Records:

(* Let $N$ be a binary orchard network with $k$ reticulations at the top, with horizontal arcs at the top $(x_1,y_1),\dots,(x_k,y_k)$, and let $t$ be an HGT-consistent labelling of $N$. Then $t(x_i)=t(y_i)$ for every $i\in\{1,\dots,k\}$.
   Context: A (directed phylogenetic) network on a finite taxa set $X$ is a directed acyclic graph without parallel arcs whose nodes are of the following types: a unique root (indegree 0, outdegree 1); tree nodes (indegree 1, outdegree at least 2); reticulations (indegree at least 2, outdegree 1); leaves (indegree 1, outdegree 0), the leaves being bijectively labelled by $X$. Non-leaf nodes are called internal. A network is binary if every tree node and every reticulation has total degree exactly 3. An arc $(u,v)$ is a reticulation arc if $v$ is a reticulation. A tree is a network without reticulations. Orchard networks: An ordered pair of leaves $(x,y)$ is a cherry if $x$ and $y$ have a common parent; it is a reticulated cherry if the parent $p_x$ of $x$ is a reticulation and $p_x$ and $y$ have a common parent. Let $p_x,p_y$ be the parents of $x,y$. Reducing $(x,y)$ in a network $N$: if $(x,y)$ is a cherry, delete $x$ and suppress $p_x$ if it now has indegree 1 and outdegree 1; if $(x,y)$ is a reticulated cherry, delete the arc $(p_y,p_x)$ and suppress any resulting node of indegree 1 and outdegree 1; otherwise do nothing. (Suppressing a node $v$ with one parent $u$ and one child $w$ means deleting $v$ and adding the arc $(u,w)$.) $N$ is orchard if some sequence of such reductions turns $N$ into a tree with exactly one leaf. HGT-consistent labelling: Let $N$ be a binary network with node set $V$. An HGT-consistent labelling of $N$ is a map $t:V\to\mathbb{R}$ such that (1) for every arc $(u,v)$, $t(u)\le t(v)$, and equality is allowed only if $v$ is a reticulation; (2) every internal node $u$ has a child $v$ with $t(u)<t(v)$; (3) for every reticulation $r$ with parents $u$ and $v$, exactly one of $t(u)=t(r)$ and $t(v)=t(r)$ holds. Reticulations at the top: Let $N$ be a binary orchard network and $v_\rho$ the child of the root. $N$ has $k$ reticulations at the top if it contains two directed paths $v_\rho,a_1,\dots,a_k$ and $v_\rho,b_1,\dots,b_k$ with all $a_i,b_j$ distinct, and $k$ reticulation arcs $(x_i,y_i)$, $i=1,\dots,k$, with $\{x_i,y_i\}=\{a_i,b_i\}$; moreover there is no arc between the child of $y_k$ and the child of $x_k$ other than $y_k$. The arcs $(x_i,y_i)$ are the horizontal arcs at the top (the lowest one being $(x_k,y_k)$), and $y_1,\dots,y_k$ are the reticulations at the top. *)

theory Defs
  imports Main "HOL.Real"
begin

text \<open>A directed graph is given by a node set V and an arc set A (a set of pairs,
so there are no parallel arcs). Leaves are identified with their taxon labels.\<close>

definition indeg :: "('a \<times> 'a) set \<Rightarrow> 'a \<Rightarrow> nat" where
  "indeg A v = card {u. (u, v) \<in> A}"

definition outdeg :: "('a \<times> 'a) set \<Rightarrow> 'a \<Rightarrow> nat" where
  "outdeg A v = card {w. (v, w) \<in> A}"

definition is_root :: "('a \<times> 'a) set \<Rightarrow> 'a \<Rightarrow> bool" where
  "is_root A v \<longleftrightarrow> indeg A v = 0 \<and> outdeg A v = 1"

definition is_tree_node :: "('a \<times> 'a) set \<Rightarrow> 'a \<Rightarrow> bool" where
  "is_tree_node A v \<longleftrightarrow> indeg A v = 1 \<and> outdeg A v \<ge> 2"

definition is_reticulation :: "('a \<times> 'a) set \<Rightarrow> 'a \<Rightarrow> bool" where
  "is_reticulation A v \<longleftrightarrow> indeg A v \<ge> 2 \<and> outdeg A v = 1"

definition is_leaf :: "('a \<times> 'a) set \<Rightarrow> 'a \<Rightarrow> bool" where
  "is_leaf A v \<longleftrightarrow> indeg A v = 1 \<and> outdeg A v = 0"

definition network :: "'a set \<Rightarrow> ('a \<times> 'a) set \<Rightarrow> bool" where
  "network V A \<longleftrightarrow> finite V \<and> A \<subseteq> V \<times> V \<and> acyclic A
     \<and> (\<exists>!r. r \<in> V \<and> is_root A r)
     \<and> (\<forall>v\<in>V. is_root A v \<or> is_tree_node A v \<or> is_reticulation A v \<or> is_leaf A v)"

definition binary_network :: "'a set \<Rightarrow> ('a \<times> 'a) set \<Rightarrow> bool" where
  "binary_network V A \<longleftrightarrow> network V A
     \<and> (\<forall>v\<in>V. is_tree_node A v \<longrightarrow> outdeg A v = 2)
     \<and> (\<forall>v\<in>V. is_reticulation A v \<longrightarrow> indeg A v = 2)"

definition is_tree :: "'a set \<Rightarrow> ('a \<times> 'a) set \<Rightarrow> bool" where
  "is_tree V A \<longleftrightarrow> network V A \<and> (\<forall>v\<in>V. \<not> is_reticulation A v)"

definition parent :: "('a \<times> 'a) set \<Rightarrow> 'a \<Rightarrow> 'a" where
  "parent A v = (THE u. (u, v) \<in> A)"

definition child :: "('a \<times> 'a) set \<Rightarrow> 'a \<Rightarrow> 'a" where
  "child A v = (THE w. (v, w) \<in> A)"

definition suppress_if :: "'a \<Rightarrow> 'a set \<times> ('a \<times> 'a) set \<Rightarrow> 'a set \<times> ('a \<times> 'a) set" where
  "suppress_if v G = (let (V, A) = G in
     if v \<in> V \<and> indeg A v = 1 \<and> outdeg A v = 1
     then (V - {v}, (A - {(parent A v, v), (v, child A v)}) \<union> {(parent A v, child A v)})
     else G)"

definition is_cherry :: "'a set \<Rightarrow> ('a \<times> 'a) set \<Rightarrow> 'a \<Rightarrow> 'a \<Rightarrow> bool" where
  "is_cherry V A x y \<longleftrightarrow> x \<in> V \<and> y \<in> V \<and> x \<noteq> y \<and> is_leaf A x \<and> is_leaf A y
     \<and> (\<exists>p. (p, x) \<in> A \<and> (p, y) \<in> A)"

definition is_ret_cherry :: "'a set \<Rightarrow> ('a \<times> 'a) set \<Rightarrow> 'a \<Rightarrow> 'a \<Rightarrow> bool" where
  "is_ret_cherry V A x y \<longleftrightarrow> x \<in> V \<and> y \<in> V \<and> x \<noteq> y \<and> is_leaf A x \<and> is_leaf A y
     \<and> is_reticulation A (parent A x) \<and> (parent A y, parent A x) \<in> A"

definition reduce_pair :: "'a \<Rightarrow> 'a \<Rightarrow> 'a set \<times> ('a \<times> 'a) set \<Rightarrow> 'a set \<times> ('a \<times> 'a) set" where
  "reduce_pair x y G = (let (V, A) = G in
     if is_cherry V A x y then
       suppress_if (parent A x) (V - {x}, A - {(parent A x, x)})
     else if is_ret_cherry V A x y then
       suppress_if (parent A y) (suppress_if (parent A x) (V, A - {(parent A y, parent A x)}))
     else G)"

definition reduction_step :: "'a set \<times> ('a \<times> 'a) set \<Rightarrow> 'a set \<times> ('a \<times> 'a) set \<Rightarrow> bool" where
  "reduction_step G G' \<longleftrightarrow> (\<exists>x y. G' = reduce_pair x y G)"

definition orchard :: "'a set \<Rightarrow> ('a \<times> 'a) set \<Rightarrow> bool" where
  "orchard V A \<longleftrightarrow> (\<exists>V' A'. reduction_step\<^sup>*\<^sup>* (V, A) (V', A')
     \<and> is_tree V' A' \<and> card {v \<in> V'. is_leaf A' v} = 1)"

definition hgt_consistent :: "'a set \<Rightarrow> ('a \<times> 'a) set \<Rightarrow> ('a \<Rightarrow> real) \<Rightarrow> bool" where
  "hgt_consistent V A t \<longleftrightarrow>
     (\<forall>(u, v) \<in> A. t u \<le> t v \<and> (t u = t v \<longrightarrow> is_reticulation A v))
     \<and> (\<forall>u\<in>V. \<not> is_leaf A u \<longrightarrow> (\<exists>v. (u, v) \<in> A \<and> t u < t v))
     \<and> (\<forall>r\<in>V. is_reticulation A r \<longrightarrow>
          (\<forall>u v. (u, r) \<in> A \<and> (v, r) \<in> A \<and> u \<noteq> v \<longrightarrow> ((t u = t r) \<noteq> (t v = t r))))"

definition ret_at_top :: "'a set \<Rightarrow> ('a \<times> 'a) set \<Rightarrow> nat \<Rightarrow> (nat \<Rightarrow> 'a) \<Rightarrow> (nat \<Rightarrow> 'a)
    \<Rightarrow> (nat \<Rightarrow> 'a) \<Rightarrow> (nat \<Rightarrow> 'a) \<Rightarrow> bool" where
  "ret_at_top V A k a b x y \<longleftrightarrow> k \<ge> 1 \<and>
     (\<exists>\<rho> v\<rho>. \<rho> \<in> V \<and> is_root A \<rho> \<and> (\<rho>, v\<rho>) \<in> A
        \<and> (v\<rho>, a 1) \<in> A \<and> (v\<rho>, b 1) \<in> A
        \<and> (\<forall>i. 1 \<le> i \<and> i < k \<longrightarrow> (a i, a (Suc i)) \<in> A \<and> (b i, b (Suc i)) \<in> A))
     \<and> inj_on a {1..k} \<and> inj_on b {1..k} \<and> a ` {1..k} \<inter> b ` {1..k} = {}
     \<and> (\<forall>i\<in>{1..k}. (x i, y i) \<in> A \<and> is_reticulation A (y i) \<and> {x i, y i} = {a i, b i})
     \<and> (\<forall>c d. (y k, c) \<in> A \<and> (x k, d) \<in> A \<and> d \<noteq> y k \<longrightarrow> (c, d) \<notin> A \<and> (d, c) \<notin> A)"

end

theory Submission
  imports Defs
begin

text \<open>Walk down the two paths of the top simultaneously. If the tails of the
arcs entering \<open>a i\<close> and \<open>b i\<close> carry the same label, the horizontal arc
between \<open>a i\<close> and \<open>b i\<close> forces \<open>t (a i) = t (b i)\<close>: its reticulation end
has two parents, its horizontal partner and a path node whose label is at
most that of the partner; as exactly one parent shares the reticulation's
label, it must be the partner. The child of the root is the common tail for
\<open>i = 1\<close>.\<close>

lemma hgt_consistent_arc_le:
  assumes "hgt_consistent V A t" and "(u, v) \<in> A"
  shows "t u \<le> t v"
  using assms unfolding hgt_consistent_def by fast

lemma hgt_consistent_ret_parent_eq:
  assumes h: "hgt_consistent V A t" and "r \<in> V" and "is_reticulation A r"
    and "(p, r) \<in> A" and ur: "(u, r) \<in> A" and "p \<noteq> u" and "t p \<le> t u"
  shows "t u = t r"
proof -
  have "(t p = t r) \<noteq> (t u = t r)"
    using h assms(2-6) unfolding hgt_consistent_def by blast
  moreover have "t u \<le> t r" using hgt_consistent_arc_le[OF h ur] .
  ultimately show ?thesis using \<open>t p \<le> t u\<close> by linarith
qed

lemma hgt_consistent_horizontal_arc_eq:
  assumes h: "hgt_consistent V A t" and sub: "A \<subseteq> V \<times> V"
    and pa: "(p, a) \<in> A" and qb: "(q, b) \<in> A" and "t p = t q"
    and "p \<noteq> b" and "q \<noteq> a"
    and xy: "(x, y) \<in> A" and ret: "is_reticulation A y"
    and "{x, y} = {a, b}" and "a \<noteq> b"
  shows "t a = t b"
proof -
  have yV: "y \<in> V" using xy sub by blast
  have "(x = a \<and> y = b) \<or> (x = b \<and> y = a)"
    using \<open>{x, y} = {a, b}\<close> \<open>a \<noteq> b\<close> by (auto simp: doubleton_eq_iff)
  then show ?thesis
  proof
    assume "x = a \<and> y = b"
    moreover have "t q \<le> t a" using hgt_consistent_arc_le[OF h pa] \<open>t p = t q\<close> by simp
    ultimately show ?thesis
      using hgt_consistent_ret_parent_eq[OF h yV ret, of q a] qb xy \<open>q \<noteq> a\<close> by simp
  next
    assume "x = b \<and> y = a"
    moreover have "t p \<le> t b" using hgt_consistent_arc_le[OF h qb] \<open>t p = t q\<close> by simp
    ultimately show ?thesis
      using hgt_consistent_ret_parent_eq[OF h yV ret, of p b] pa xy \<open>p \<noteq> b\<close> by simp
  qed
qed

lemma ret_at_top_first_arcs:
  assumes "ret_at_top V A k a b x y"
  obtains v where "(v, a 1) \<in> A" and "(v, b 1) \<in> A"
  using assms unfolding ret_at_top_def by blast

lemma ret_at_top_path_arcs:
  assumes "ret_at_top V A k a b x y" and "1 \<le> i" and "i < k"
  shows "(a i, a (Suc i)) \<in> A \<and> (b i, b (Suc i)) \<in> A"
proof -
  have "\<forall>i. 1 \<le> i \<and> i < k \<longrightarrow> (a i, a (Suc i)) \<in> A \<and> (b i, b (Suc i)) \<in> A"
    using assms(1) unfolding ret_at_top_def by (elim conjE exE) assumption
  then show ?thesis using assms(2,3) by blast
qed

lemma ret_at_top_horizontal_arc:
  assumes "ret_at_top V A k a b x y" and "i \<in> {1..k}"
  shows "(x i, y i) \<in> A \<and> is_reticulation A (y i) \<and> {x i, y i} = {a i, b i}"
proof -
  have "\<forall>i\<in>{1..k}. (x i, y i) \<in> A \<and> is_reticulation A (y i) \<and> {x i, y i} = {a i, b i}"
    using assms(1) unfolding ret_at_top_def by (elim conjE) assumption
  then show ?thesis using assms(2) by blast
qed

lemma ret_at_top_paths_disjoint:
  assumes "ret_at_top V A k a b x y" and "i \<in> {1..k}" and "j \<in> {1..k}"
  shows "a i \<noteq> b j"
  using assms unfolding ret_at_top_def by (elim conjE) blast

lemma ret_at_top_paths_eq:
  assumes top: "ret_at_top V A k a b x y" and h: "hgt_consistent V A t"
    and sub: "A \<subseteq> V \<times> V" and irrefl: "\<And>u. (u, u) \<notin> A"
    and "1 \<le> i" and "i \<le> k"
  shows "t (a i) = t (b i)"
  using \<open>1 \<le> i\<close> \<open>i \<le> k\<close>
proof (induction i rule: dec_induct)
  case base
  then have one: "1 \<in> {1..k}" by simp
  obtain v where va: "(v, a 1) \<in> A" and vb: "(v, b 1) \<in> A"
    using ret_at_top_first_arcs[OF top] .
  have "v \<noteq> b 1" "v \<noteq> a 1" using va vb irrefl by blast+
  then show ?case
    using hgt_consistent_horizontal_arc_eq[OF h sub va vb refl]
      ret_at_top_horizontal_arc[OF top one] ret_at_top_paths_disjoint[OF top one one]
    by blast
next
  case (step n)
  then have n: "n \<in> {1..k}" and sn: "Suc n \<in> {1..k}" by simp_all
  have "(a n, a (Suc n)) \<in> A" "(b n, b (Suc n)) \<in> A"
    using ret_at_top_path_arcs[OF top, of n] n sn by auto
  moreover have "a n \<noteq> b (Suc n)" "b n \<noteq> a (Suc n)"
    using ret_at_top_paths_disjoint[OF top] n sn by metis+
  moreover have "t (a n) = t (b n)" using step.IH n by simp
  ultimately show ?case
    using hgt_consistent_horizontal_arc_eq[of V A t "a n" "a (Suc n)" "b n" "b (Suc n)"] h sub
      ret_at_top_horizontal_arc[OF top sn] ret_at_top_paths_disjoint[OF top sn sn]
    by blast
qed

theorem mainTheorem9:
  fixes V :: "'a set" and A :: "('a \<times> 'a) set" and t :: "'a \<Rightarrow> real"
    and k :: nat and a b x y :: "nat \<Rightarrow> 'a"
  assumes "binary_network V A"
    and "orchard V A"
    and "ret_at_top V A k a b x y"
    and "hgt_consistent V A t"
  shows "\<forall>i\<in>{1..k}. t (x i) = t (y i)"
proof
  fix i assume i: "i \<in> {1..k}"
  have sub: "A \<subseteq> V \<times> V" and "acyclic A"
    using assms(1) unfolding binary_network_def network_def by auto
  then have irrefl: "\<And>u. (u, u) \<notin> A" by (meson acyclic_def r_into_trancl')
  have "{x i, y i} = {a i, b i}"
    using ret_at_top_horizontal_arc[OF assms(3) i] by blast
  moreover have "t (a i) = t (b i)"
    using ret_at_top_paths_eq[OF assms(3,4) sub irrefl] i by simp
  ultimately show "t (x i) = t (y i)" by (auto simp: doubleton_eq_iff)
qed

end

Your goal:
Each line of the records that holds the word "elim" should be copied out.

Answer space:
    using assms(1) unfolding ret_at_top_def by (elim conjE exE) assumption
    using assms(1) unfolding ret_at_top_def by (elim conjE) assumption
  using assms unfolding ret_at_top_def by (elim conjE) blast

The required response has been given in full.